Recommendations for Future Research
  • Characterize oxidative degradation products of psilocin systematically to assess whether any byproducts carry residual pharmacological or toxicological activity.
  • Investigate minor alkaloid degradation in parallel with major alkaloid studies to determine whether differential stability alters the pharmacological fingerprint of extracts over time.

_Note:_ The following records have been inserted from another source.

(* Let $X$ be a complex Banach space with open unit ball $B$, let $H(B)$ be a uniform algebra with $A_u(B)\subseteq H(B)\subseteq H^\infty(B)$, and let $x^{**}\in\bar B^{**}$. Then $Cl_B(f,x^{**})=\hat f(M_{x^{**}})$ for all $f\in H(B)$ if and only if the following holds: for every finite family $f_1,\dots,f_{n-1}\in A(B)$ and $f_n\in H(B)$ for which there is $\delta>0$ with $|f_1(x)|+\dots+|f_n(x)|\ge\delta$ for all $x\in B$, the functions $\hat f_1,\dots,\hat f_n$ have no common zero in $M_{x^{**}}$.
   Context: $H^\infty(B)$: bounded holomorphic functions on $B$ with sup norm; $A(B)$: closed subalgebra of $H^\infty(B)$ generated by $1$ and the restrictions to $B$ of $X^*$; $A_u(B)$: uniformly continuous holomorphic functions on $B$; a uniform algebra between $A_u(B)$ and $H^\infty(B)$ is a closed unital subalgebra of $H^\infty(B)$ containing $A_u(B)$. $M_{H(B)}$ is its spectrum, $\hat f$ the Gelfand transform. $\bar B^{**}$ is the closed unit ball of $X^{**}$. Cluster set: $Cl_B(f,x^{**})=\{\lambda:\exists\text{ net }(x_\alpha)\subset B,\ x_\alpha\to x^{**}\text{ weak-star},\ f(x_\alpha)\to\lambda\}$. Fiber: $M_{x^{**}}=\{\tau\in M_{H(B)}:\tau(L)=x^{**}(L)\ \forall L\in X^*\}$. *)

theory Defs
  imports "HOL-Analysis.Analysis"
begin

class complex_banach = banach +
  fixes scaleC :: "complex \<Rightarrow> 'a \<Rightarrow> 'a" (infixr \<open>*\<^sub>C\<close> 75)
  assumes scaleC_add_right: "a *\<^sub>C (x + y) = a *\<^sub>C x + a *\<^sub>C y"
    and scaleC_add_left: "(a + b) *\<^sub>C x = a *\<^sub>C x + b *\<^sub>C x"
    and scaleC_scaleC: "a *\<^sub>C (b *\<^sub>C x) = (a * b) *\<^sub>C x"
    and scaleC_one: "1 *\<^sub>C x = x"
    and scaleC_of_real: "complex_of_real r *\<^sub>C x = r *\<^sub>R x"
    and norm_scaleC: "norm (a *\<^sub>C x) = cmod a * norm x"

definition complex_linear :: "('a::complex_banach \<Rightarrow> 'b::complex_banach) \<Rightarrow> bool" where
  "complex_linear L \<longleftrightarrow> (\<forall>x y. L (x + y) = L x + L y) \<and> (\<forall>c x. L (c *\<^sub>C x) = c *\<^sub>C L x)"

instantiation complex :: complex_banach
begin
definition scaleC_complex :: "complex \<Rightarrow> complex \<Rightarrow> complex" where
  "scaleC_complex a z = a * z"
instance
  by standard (auto simp: scaleC_complex_def algebra_simps norm_mult scaleR_conv_of_real)
end

definition dual_space :: "('a::complex_banach \<Rightarrow> complex) set" where
  "dual_space = {L. complex_linear L \<and> bounded_linear L}"

text \<open>The closed unit ball of the bidual \<open>X**\<close>: complex-linear functionals on \<open>X*\<close>
  of norm at most 1 (extended by 0 outside \<open>X*\<close>).\<close>
definition bidual_ball :: "(('a::complex_banach \<Rightarrow> complex) \<Rightarrow> complex) set" where
  "bidual_ball = {\<phi>.
     (\<forall>L1\<in>dual_space. \<forall>L2\<in>dual_space. \<phi> (\<lambda>x. L1 x + L2 x) = \<phi> L1 + \<phi> L2) \<and>
     (\<forall>c. \<forall>L\<in>dual_space. \<phi> (\<lambda>x. c * L x) = c * \<phi> L) \<and>
     (\<forall>L\<in>dual_space. cmod (\<phi> L) \<le> onorm L) \<and>
     (\<forall>L. L \<notin> dual_space \<longrightarrow> \<phi> L = 0)}"

definition holomorphic_on_B :: "('a::complex_banach \<Rightarrow> complex) \<Rightarrow> 'a set \<Rightarrow> bool" where
  "holomorphic_on_B f U \<longleftrightarrow>
     (\<forall>x\<in>U. \<exists>f'. (f has_derivative f') (at x) \<and> complex_linear f')"

text \<open>Functions on \<open>U\<close> are represented extensionally (value 0 outside \<open>U\<close>).\<close>
definition Hinf :: "'a::complex_banach set \<Rightarrow> ('a \<Rightarrow> complex) set" where
  "Hinf U = {f. holomorphic_on_B f U \<and> bounded (f ` U) \<and> (\<forall>x. x \<notin> U \<longrightarrow> f x = 0)}"

definition Au :: "'a::complex_banach set \<Rightarrow> ('a \<Rightarrow> complex) set" where
  "Au U = {f \<in> Hinf U. uniformly_continuous_on U f}"

definition one_on :: "'a set \<Rightarrow> 'a \<Rightarrow> complex" where
  "one_on U = (\<lambda>x. if x \<in> U then 1 else 0)"

definition restr :: "'a set \<Rightarrow> ('a \<Rightarrow> complex) \<Rightarrow> 'a \<Rightarrow> complex" where
  "restr U f = (\<lambda>x. if x \<in> U then f x else 0)"

definition closed_unital_subalgebra :: "'a::complex_banach set \<Rightarrow> ('a \<Rightarrow> complex) set \<Rightarrow> bool" where
  "closed_unital_subalgebra U A \<longleftrightarrow>
     A \<subseteq> Hinf U \<and> one_on U \<in> A \<and>
     (\<forall>f\<in>A. \<forall>g\<in>A. (\<lambda>x. f x + g x) \<in> A) \<and>
     (\<forall>f\<in>A. \<forall>g\<in>A. (\<lambda>x. f x * g x) \<in> A) \<and>
     (\<forall>c. \<forall>f\<in>A. (\<lambda>x. c * f x) \<in> A) \<and>
     (\<forall>(F :: nat \<Rightarrow> 'a \<Rightarrow> complex) g. (\<forall>n. F n \<in> A) \<and> g \<in> Hinf U \<and>
        (\<forall>\<epsilon>>0. \<exists>N. \<forall>n\<ge>N. \<forall>x\<in>U. cmod (F n x - g x) < \<epsilon>) \<longrightarrow> g \<in> A)"

definition uniform_algebra_between :: "'a::complex_banach set \<Rightarrow> ('a \<Rightarrow> complex) set \<Rightarrow> bool" where
  "uniform_algebra_between U H \<longleftrightarrow> closed_unital_subalgebra U H \<and> Au U \<subseteq> H"

definition A_alg :: "'a::complex_banach set \<Rightarrow> ('a \<Rightarrow> complex) set" where
  "A_alg U = \<Inter>{A. closed_unital_subalgebra U A \<and> (\<forall>L\<in>dual_space. restr U L \<in> A)}"

definition spectrum_alg :: "('a \<Rightarrow> complex) set \<Rightarrow> (('a \<Rightarrow> complex) \<Rightarrow> complex) set" where
  "spectrum_alg H = {\<tau>.
     (\<forall>f\<in>H. \<forall>g\<in>H. \<tau> (\<lambda>x. f x + g x) = \<tau> f + \<tau> g) \<and>
     (\<forall>c. \<forall>f\<in>H. \<tau> (\<lambda>x. c * f x) = c * \<tau> f) \<and>
     (\<forall>f\<in>H. \<forall>g\<in>H. \<tau> (\<lambda>x. f x * g x) = \<tau> f * \<tau> g) \<and>
     (\<exists>f\<in>H. \<tau> f \<noteq> 0)}"

definition gelfand :: "('a \<Rightarrow> complex) \<Rightarrow> (('a \<Rightarrow> complex) \<Rightarrow> complex) \<Rightarrow> complex" where
  "gelfand f = (\<lambda>\<tau>. \<tau> f)"

definition fiber :: "'a::complex_banach set \<Rightarrow> ('a \<Rightarrow> complex) set \<Rightarrow>
    (('a \<Rightarrow> complex) \<Rightarrow> complex) \<Rightarrow> (('a \<Rightarrow> complex) \<Rightarrow> complex) set" where
  "fiber U H \<phi> = {\<tau> \<in> spectrum_alg H. \<forall>L\<in>dual_space. \<tau> (restr U L) = \<phi> L}"

text \<open>Cluster set; nets in \<open>U\<close> are represented by proper filters on the space that
  eventually lie in \<open>U\<close>. Weak-star convergence to \<open>\<phi>\<close>: \<open>L(x\<^sub>\<alpha>) \<rightarrow> \<phi>(L)\<close> for all \<open>L \<in> X*\<close>.\<close>
definition cluster_set :: "'a::complex_banach set \<Rightarrow> ('a \<Rightarrow> complex) \<Rightarrow>
    (('a \<Rightarrow> complex) \<Rightarrow> complex) \<Rightarrow> complex set" where
  "cluster_set U f \<phi> = {c. \<exists>F :: 'a filter. F \<noteq> bot \<and> eventually (\<lambda>x. x \<in> U) F \<and>
     (\<forall>L\<in>dual_space. ((\<lambda>x. L x) \<longlongrightarrow> \<phi> L) F) \<and> (f \<longlongrightarrow> c) F}"

end

theory Submission
  imports Defs
begin

text \<open>Characters in the fiber over \<open>x\<^sup>*\<^sup>*\<close> are contractive for the sup norm, so on
  \<open>A(B)\<close> they are the limits along every net tending weak-star to \<open>x\<^sup>*\<^sup>*\<close>. By Tychonoff
  every such net has a subnet along which all of \<open>H(B)\<close> converges, and the limits form a
  character in the fiber; hence always \<open>Cl\<^sub>B(f, x\<^sup>*\<^sup>*) \<subseteq> f\<^sup>^(M\<^sub>x\<^sub>*\<^sub>*)\<close>. A value \<open>\<tau> f\<close> outside the cluster set is witnessed by
  finitely many functionals \<open>L\<^sub>i\<close> and \<open>\<epsilon> > 0\<close> such that \<open>|L\<^sub>i - x\<^sup>*\<^sup>*(L\<^sub>i)| < \<epsilon>\<close> and
  \<open>|f - \<tau> f| < \<epsilon>\<close> never hold together on \<open>B\<close>; these functions form a family bounded below
  on \<open>B\<close> with the common zero \<open>\<tau>\<close>, which is what the condition excludes.\<close>

lemma closed_unital_subalgebra_Hinf: "closed_unital_subalgebra U A \<Longrightarrow> A \<subseteq> Hinf U"
  by (simp add: closed_unital_subalgebra_def)

lemma closed_unital_subalgebra_one: "closed_unital_subalgebra U A \<Longrightarrow> one_on U \<in> A"
  by (simp add: closed_unital_subalgebra_def)

lemma closed_unital_subalgebra_add:
  "closed_unital_subalgebra U A \<Longrightarrow> f \<in> A \<Longrightarrow> g \<in> A \<Longrightarrow> (\<lambda>x. f x + g x) \<in> A"
  by (simp add: closed_unital_subalgebra_def)

lemma closed_unital_subalgebra_mult:
  "closed_unital_subalgebra U A \<Longrightarrow> f \<in> A \<Longrightarrow> g \<in> A \<Longrightarrow> (\<lambda>x. f x * g x) \<in> A"
  by (simp add: closed_unital_subalgebra_def)

lemma closed_unital_subalgebra_scale:
  "closed_unital_subalgebra U A \<Longrightarrow> f \<in> A \<Longrightarrow> (\<lambda>x. c * f x) \<in> A"
  by (simp add: closed_unital_subalgebra_def)

lemma closed_unital_subalgebra_uniform_limit:
  fixes F :: "nat \<Rightarrow> 'a::complex_banach \<Rightarrow> complex"
  assumes "closed_unital_subalgebra U A" "\<And>n. F n \<in> A" "g \<in> Hinf U"
    and "\<And>\<epsilon>. \<epsilon> > 0 \<Longrightarrow> \<exists>N. \<forall>n\<ge>N. \<forall>x\<in>U. cmod (F n x - g x) < \<epsilon>"
  shows "g \<in> A"
proof -
  have "\<forall>(F :: nat \<Rightarrow> 'a \<Rightarrow> complex) g. (\<forall>n. F n \<in> A) \<and> g \<in> Hinf U \<and>
      (\<forall>\<epsilon>>0. \<exists>N. \<forall>n\<ge>N. \<forall>x\<in>U. cmod (F n x - g x) < \<epsilon>) \<longrightarrow> g \<in> A"
    using assms(1) unfolding closed_unital_subalgebra_def by (elim conjE)
  then show ?thesis using assms(2-4) by blast
qed

lemma closed_unital_subalgebra_diff:
  assumes "closed_unital_subalgebra U A" "f \<in> A" "g \<in> A"
  shows "(\<lambda>x. f x - g x) \<in> A"
  using closed_unital_subalgebra_add[OF assms(1,2) closed_unital_subalgebra_scale[OF assms(1,3), of "-1"]]
  by simp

4.1.6. Criterion 6: Ecological Sustainability

Summary Conclusions
The cultivation of psilocybin-containing mushrooms presents an ecologically innovative model, leveraging waste substrates and controlled environments to integrate into circular agricultural systems. However, the process is not without trade-offs, as energy-intensive sterilization and climate control requirements challenge its sustainability. Simultaneously, wild foraging, while culturally significant, faces disruption due to environmental shifts, threatening both mushroom availability and Indigenous knowledge systems. Together, these findings suggest that while controlled cultivation may offer a scalable solution, its ecological footprint and the preservation of wild populations must be carefully balanced.
Evidence Gaps
  • Key gaps remain in understanding the long-term ecological impacts of large-scale psilocybin mushroom cultivation, particularly regarding spore dispersal and genetic diversity.
  • Research on less energy-intensive sterilization methods could improve sustainability.
  • The effects of climate change on wild psilocybin species distribution are also understudied, particularly in regions where traditional foraging is culturally significant.
Recommendations for Future Research
  • Future studies should prioritize low-energy cultivation methods, such as passive climate control or alternative sterilization processes, to improve sustainability.
  • Investigating spore mitigation strategies, including filtration systems or genetic modification to reduce sporulation, could address health and ecological concerns.
  • Ethnographic and ecological research should also focus on documenting Indigenous knowledge systems and identifying climate-resilient foraging practices.
  • Interdisciplinary collaboration between mycologists, agricultural scientists, and Indigenous stakeholders could yield more holistic approaches to psilocybin mushroom production.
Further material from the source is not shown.